lemma indep_var_gap_weight:
  assumes "\<phi> \<in> borel_measurable borel"
  shows "indep_var borel (\<lambda>\<omega>. gap_weight \<epsilon> s (\<lambda>i. E i \<omega>) j r) borel (\<lambda>\<omega>. \<phi> (E (Suc j) \<omega>))"
proof -
  have "indep_var (PiM {1..j} (\<lambda>_. borel)) (\<lambda>\<omega>. restrict (\<lambda>i. E i \<omega>) {1..j})
                  (PiM {Suc j} (\<lambda>_. borel)) (\<lambda>\<omega>. restrict (\<lambda>i. E i \<omega>) {Suc j})"
    by (rule indep_var_restrict[OF indep_interarrivals]) auto
  moreover have "(\<lambda>x. gap_weight \<epsilon> s x j r) \<in> borel_measurable (PiM {1..j} (\<lambda>_. borel))"
    by (rule borel_measurable_gap_weight) auto
  moreover have "(\<lambda>x. \<phi> (x (Suc j))) \<in> borel_measurable (PiM {Suc j} (\<lambda>_. borel))"
    using assms by measurable
  ultimately have "indep_var borel (\<lambda>\<omega>. gap_weight \<epsilon> s (restrict (\<lambda>i. E i \<omega>) {1..j}) j r)
      borel (\<lambda>\<omega>. \<phi> (restrict (\<lambda>i. E i \<omega>) {Suc j} (Suc j)))"
    by (rule indep_var_compose[unfolded comp_def])
  moreover have "gap_weight \<epsilon> s (restrict (\<lambda>i. E i \<omega>) {1..j}) j r = gap_weight \<epsilon> s (\<lambda>i. E i \<omega>) j r" for \<omega>
    by (rule gap_weight_cong) simp
  ultimately show ?thesis by simp
qed

lemma nn_integral_gap_weight_mult:
  assumes "\<phi> \<in> borel_measurable borel" and "\<And>y. 0 \<le> \<phi> y"
  shows "(\<integral>\<^sup>+\<omega>. ennreal (gap_weight \<epsilon> s (\<lambda>i. E i \<omega>) j r * \<phi> (E (Suc j) \<omega>)) \<partial>M)
       = (\<integral>\<^sup>+\<omega>. gap_weight \<epsilon> s (\<lambda>i. E i \<omega>) j r \<partial>M) * (\<integral>\<^sup>+\<omega>. \<phi> (E (Suc j) \<omega>) \<partial>M)"
  using assms(2) by (intro nn_integral_mult_indep_var indep_var_gap_weight assms(1) gap_weight_nonneg)

definition short_gap_mean :: "real \<Rightarrow> real" where
  "short_gap_mean s = l / (l + s) * (1 - exp (- (l + s) * \<epsilon>))"

definition long_gap_mean :: "real \<Rightarrow> real" where
  "long_gap_mean s = l / (l + s) * exp (- (l + s) * \<epsilon>)"

lemma nn_integral_short_gap_factor:
  assumes "0 \<le> s"
  shows "(\<integral>\<^sup>+\<omega>. short_gap_factor \<epsilon> s (E k \<omega>) \<partial>M) = ennreal (short_gap_mean s)"
proof -
  have "(\<integral>\<^sup>+\<omega>. short_gap_factor \<epsilon> s (E k \<omega>) \<partial>M)
      = (\<integral>\<^sup>+y. ennreal (exponential_density l y) * ennreal (short_gap_factor \<epsilon> s y) \<partial>lborel)"
    by (rule distributed_nn_integral[OF distributed_interarrival, symmetric])
      (simp add: short_gap_factor_def)
  also have "\<dots> = ennreal (short_gap_mean s)"
    unfolding short_gap_mean_def
    using l_pos \<epsilon>_pos assms by (intro nn_integral_exponential_short_gap_factor) auto
  finally show ?thesis .
qed

lemma nn_integral_long_gap_factor:
  assumes "0 \<le> s"
  shows "(\<integral>\<^sup>+\<omega>. long_gap_factor \<epsilon> s (E k \<omega>) \<partial>M) = ennreal (long_gap_mean s)"
proof -
  have "(\<integral>\<^sup>+\<omega>. long_gap_factor \<epsilon> s (E k \<omega>) \<partial>M)
      = (\<integral>\<^sup>+y. ennreal (exponential_density l y) * ennreal (long_gap_factor \<epsilon> s y) \<partial>lborel)"
    by (rule distributed_nn_integral[OF distributed_interarrival, symmetric])
      (simp add: long_gap_factor_def)
  also have "\<dots> = ennreal (long_gap_mean s)"
    unfolding long_gap_mean_def
    using l_pos \<epsilon>_pos assms by (intro nn_integral_exponential_long_gap_factor) auto
  finally show ?thesis .
qed

lemma gap_mean_bounds:
  assumes "0 \<le> s"
  shows "0 \<le> short_gap_mean s" "short_gap_mean s < 1" "0 \<le> long_gap_mean s"
proof -
  have bounds: "0 \<le> c * (1 - X) \<and> c * (1 - X) < 1 \<and> 0 \<le> c * X"
    if "0 < c" "c \<le> 1" "0 < X" "X \<le> 1" for c X :: real
    using that mult_left_le_one_le[of "1 - X" c] by auto
  have "0 < l / (l + s)" "l / (l + s) \<le> 1"
    using l_pos assms by auto
  moreover have "0 < exp (- (l + s) * \<epsilon>)" "exp (- (l + s) * \<epsilon>) \<le> 1"
    using l_pos \<epsilon>_pos assms by (auto simp: mult_nonpos_nonneg)
  ultimately show "0 \<le> short_gap_mean s" "short_gap_mean s < 1" "0 \<le> long_gap_mean s"
    unfolding short_gap_mean_def long_gap_mean_def using bounds by blast+
qed

lemma long_gap_mean_div:
  assumes "0 \<le> s"
  shows "long_gap_mean s / (1 - short_gap_mean s) = l / (l + s * exp ((l + s) * \<epsilon>))"
proof -
  have "(l / (l + s) * X) / (1 - l / (l + s) * (1 - X)) = l / (l + s * Y)"
    if "0 < X" and "X * Y = 1" for X Y :: real
  proof -
    have pos: "0 < l + s" "0 < s + l * X"
      using l_pos assms that by (auto intro: add_nonneg_pos)
    then have "1 - l / (l + s) * (1 - X) = (s + l * X) / (l + s)"
      by (simp add: field_simps)
    then have "(l / (l + s) * X) / (1 - l / (l + s) * (1 - X)) = l * X / (s + l * X)"
      using pos by simp
    also have "s + l * X = (l + s * Y) * X"
      using that by (simp add: algebra_simps)
    also have "l * X / ((l + s * Y) * X) = l / (l + s * Y)"
      using that by simp
    finally show ?thesis .
  qed
  moreover have "exp (- (l + s) * \<epsilon>) * exp ((l + s) * \<epsilon>) = 1"
    by (simp add: algebra_simps flip: exp_add)
  ultimately show ?thesis
    unfolding short_gap_mean_def long_gap_mean_def by simp
qed

lemma nn_integral_gap_weight:
  assumes "0 \<le> s"
  shows "(\<integral>\<^sup>+\<omega>. gap_weight \<epsilon> s (\<lambda>i. E i \<omega>) j r \<partial>M)
       = ennreal (pascal (short_gap_mean s) (long_gap_mean s) j r)"
proof (induction j arbitrary: r)
  case 0
  then show ?case by (simp add: emeasure_space_1)
next
  case (Suc j)
  let ?a = "short_gap_mean s" and ?b = "long_gap_mean s"
  have ab: "0 \<le> ?a" "0 \<le> ?b" using gap_mean_bounds[OF assms] by auto
  have factor: "(\<integral>\<^sup>+\<omega>. ennreal (gap_weight \<epsilon> s (\<lambda>i. E i \<omega>) j r' * \<phi> (E (Suc j) \<omega>)) \<partial>M)
      = ennreal (c * pascal ?a ?b j r')"
    if "\<phi> \<in> borel_measurable borel" "\<And>y. 0 \<le> \<phi> y"
      and "(\<integral>\<^sup>+\<omega>. \<phi> (E (Suc j) \<omega>) \<partial>M) = ennreal c" "0 \<le> c" for \<phi> c r'
  proof -
    have "(\<integral>\<^sup>+\<omega>. ennreal (gap_weight \<epsilon> s (\<lambda>i. E i \<omega>) j r' * \<phi> (E (Suc j) \<omega>)) \<partial>M)
        = ennreal (pascal ?a ?b j r') * ennreal c"
      using that by (simp add: nn_integral_gap_weight_mult Suc.IH)
    then show ?thesis
      using that ab by (simp add: ennreal_mult pascal_nonneg mult.commute)
  qed
  note short = factor[OF borel_measurable_short_gap_factor short_gap_factor_nonneg
      nn_integral_short_gap_factor[OF assms] ab(1)]
  note long = factor[OF borel_measurable_long_gap_factor long_gap_factor_nonneg
      nn_integral_long_gap_factor[OF assms] ab(2)]
  show ?case
  proof (cases r)
    case 0
    then show ?thesis using short[of 0] by (simp add: gap_weight_Suc)
  next
    case (Suc r')
    have "(\<integral>\<^sup>+\<omega>. gap_weight \<epsilon> s (\<lambda>i. E i \<omega>) (Suc j) r \<partial>M)
        = (\<integral>\<^sup>+\<omega>. ennreal (gap_weight \<epsilon> s (\<lambda>i. E i \<omega>) j r * short_gap_factor \<epsilon> s (E (Suc j) \<omega>))
            + ennreal (gap_weight \<epsilon> s (\<lambda>i. E i \<omega>) j r' * long_gap_factor \<epsilon> s (E (Suc j) \<omega>)) \<partial>M)"
      by (intro nn_integral_cong) (simp add: Suc gap_weight_Suc gap_weight_nonneg
          short_gap_factor_nonneg long_gap_factor_nonneg)
    also have "\<dots> = ennreal (?a * pascal ?a ?b j r) + ennreal (?b * pascal ?a ?b j r')"
      by (subst nn_integral_add) (auto simp: short long)
    also have "\<dots> = ennreal (pascal ?a ?b (Suc j) r)"
      using ab by (simp add: Suc pascal_nonneg)
    finally show ?thesis .
  qed
qed

lemma nn_integral_gap_series:
  assumes "0 \<le> s"
  shows "(\<integral>\<^sup>+\<omega>. gap_series \<epsilon> s (\<lambda>i. E i \<omega>) r \<partial>M)
       = ennreal ((l / (l + s * exp ((l + s) * \<epsilon>))) ^ Suc r)"
proof -
  let ?a = "short_gap_mean s" and ?b = "long_gap_mean s"
  have ab: "0 \<le> ?a" "?a < 1" "0 \<le> ?b" using gap_mean_bounds[OF assms] by auto
  have "(\<integral>\<^sup>+\<omega>. gap_series \<epsilon> s (\<lambda>i. E i \<omega>) r \<partial>M)
      = (\<Sum>j. \<integral>\<^sup>+\<omega>. ennreal (gap_weight \<epsilon> s (\<lambda>i. E i \<omega>) j r * long_gap_factor \<epsilon> s (E (Suc j) \<omega>)) \<partial>M)"
    unfolding gap_series_def by (rule nn_integral_suminf) simp
  also have "\<dots> = (\<Sum>j. ennreal (pascal ?a ?b j r) * ennreal ?b)"
    by (simp add: nn_integral_gap_weight_mult long_gap_factor_nonneg nn_integral_gap_weight[OF assms]
        nn_integral_long_gap_factor[OF assms])
  also have "\<dots> = (\<Sum>j. ennreal (?b * pascal ?a ?b j r))"
    using ab by (simp add: ennreal_mult pascal_nonneg mult.commute)
  also have "\<dots> = ennreal (?b * (?b ^ r / (1 - ?a) ^ Suc r))"
    using ab by (intro suminf_ennreal_eq sums_mult sums_pascal) (auto simp: pascal_nonneg)
  also have "?b * (?b ^ r / (1 - ?a) ^ Suc r) = (?b / (1 - ?a)) ^ Suc r"
    by (simp add: power_divide)
  finally show ?thesis
    by (simp add: long_gap_mean_div[OF assms])
qed

lemma AE_long_gap_exists:
  "AE \<omega> in M. \<exists>j. card (long_gaps (\<lambda>i. E i \<omega>) \<epsilon> j) = r \<and> \<epsilon> < E (Suc j) \<omega>"
proof -
  let ?A = "{\<omega> \<in> space M. \<exists>j. card (long_gaps (\<lambda>i. E i \<omega>) \<epsilon> j) = r \<and> \<epsilon> < E (Suc j) \<omega>}"
  have "?A \<in> sets M"
    by measurable
  then have "emeasure M ?A = (\<integral>\<^sup>+\<omega>. indicator ?A \<omega> \<partial>M)"
    by simp
  also have "\<dots> = (\<integral>\<^sup>+\<omega>. gap_series \<epsilon> 0 (\<lambda>i. E i \<omega>) r \<partial>M)"
    by (intro nn_integral_cong) (simp add: gap_series_0 indicator_def)
  also have "\<dots> = 1"
    using nn_integral_gap_series[of 0 r] l_pos by simp
  finally have "prob ?A = 1"
    by (simp add: emeasure_eq_measure)
  then show ?thesis
    by (auto dest: AE_prob_1 elim: eventually_mono)
qed

lemma borel_measurable_exp_cluster_U:
  "(\<lambda>\<omega>. exp (- s * cluster_U (pp_points E \<omega>) \<epsilon> (Suc r))) \<in> borel_measurable M"
proof -
  have "exp (- s * cluster_U (pp_points E \<omega>) \<epsilon> (Suc r))
      = (if \<exists>j. card (long_gaps (\<lambda>i. E i \<omega>) \<epsilon> j) = r \<and> \<epsilon> < E (Suc j) \<omega>
         then enn2real (gap_series \<epsilon> s (\<lambda>i. E i \<omega>) r)
         else exp (- s * ((\<Sum>i<(LEAST k. k \<in> ({} :: nat set)). E i \<omega>) - E 0 \<omega>)))" for \<omega>
  proof (cases "\<exists>j. card (long_gaps (\<lambda>i. E i \<omega>) \<epsilon> j) = r \<and> \<epsilon> < E (Suc j) \<omega>")
    case True
    then have "ennreal (exp (- s * cluster_U (pp_points E \<omega>) \<epsilon> (Suc r))) = gap_series \<epsilon> s (\<lambda>i. E i \<omega>) r"
      unfolding pp_points_eq by (rule exp_cluster_U_eq_gap_series)
    with True show ?thesis
      by (metis enn2real_ennreal exp_ge_zero)
  next
    case False
    then have "cluster_U (pp_points E \<omega>) \<epsilon> (Suc r) = (\<Sum>i<(LEAST k. k \<in> ({} :: nat set)). E i \<omega>) - E 0 \<omega>"
      unfolding pp_points_eq by (rule cluster_U_partial_sums_degenerate)
    with False show ?thesis
      by (subst if_not_P) simp_all
  qed
  then show ?thesis
    by simp
qed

◆ WORK INSTRUCTIONS
Of the entries listed above, reproduce only the lines starting at the line containing "(x (Suc j)))" and ending at the line containing "r * \<phi> (E (Suc j) \<omega>)) \<partial>M)". Include both, exactly as they stand.

◆ EXERCISE ANSWER
  moreover have "(\<lambda>x. \<phi> (x (Suc j))) \<in> borel_measurable (PiM {Suc j} (\<lambda>_. borel))"
    using assms by measurable
  ultimately have "indep_var borel (\<lambda>\<omega>. gap_weight \<epsilon> s (restrict (\<lambda>i. E i \<omega>) {1..j}) j r)
      borel (\<lambda>\<omega>. \<phi> (restrict (\<lambda>i. E i \<omega>) {Suc j} (Suc j)))"
    by (rule indep_var_compose[unfolded comp_def])
  moreover have "gap_weight \<epsilon> s (restrict (\<lambda>i. E i \<omega>) {1..j}) j r = gap_weight \<epsilon> s (\<lambda>i. E i \<omega>) j r" for \<omega>
    by (rule gap_weight_cong) simp
  ultimately show ?thesis by simp
qed

lemma nn_integral_gap_weight_mult:
  assumes "\<phi> \<in> borel_measurable borel" and "\<And>y. 0 \<le> \<phi> y"
  shows "(\<integral>\<^sup>+\<omega>. ennreal (gap_weight \<epsilon> s (\<lambda>i. E i \<omega>) j r * \<phi> (E (Suc j) \<omega>)) \<partial>M)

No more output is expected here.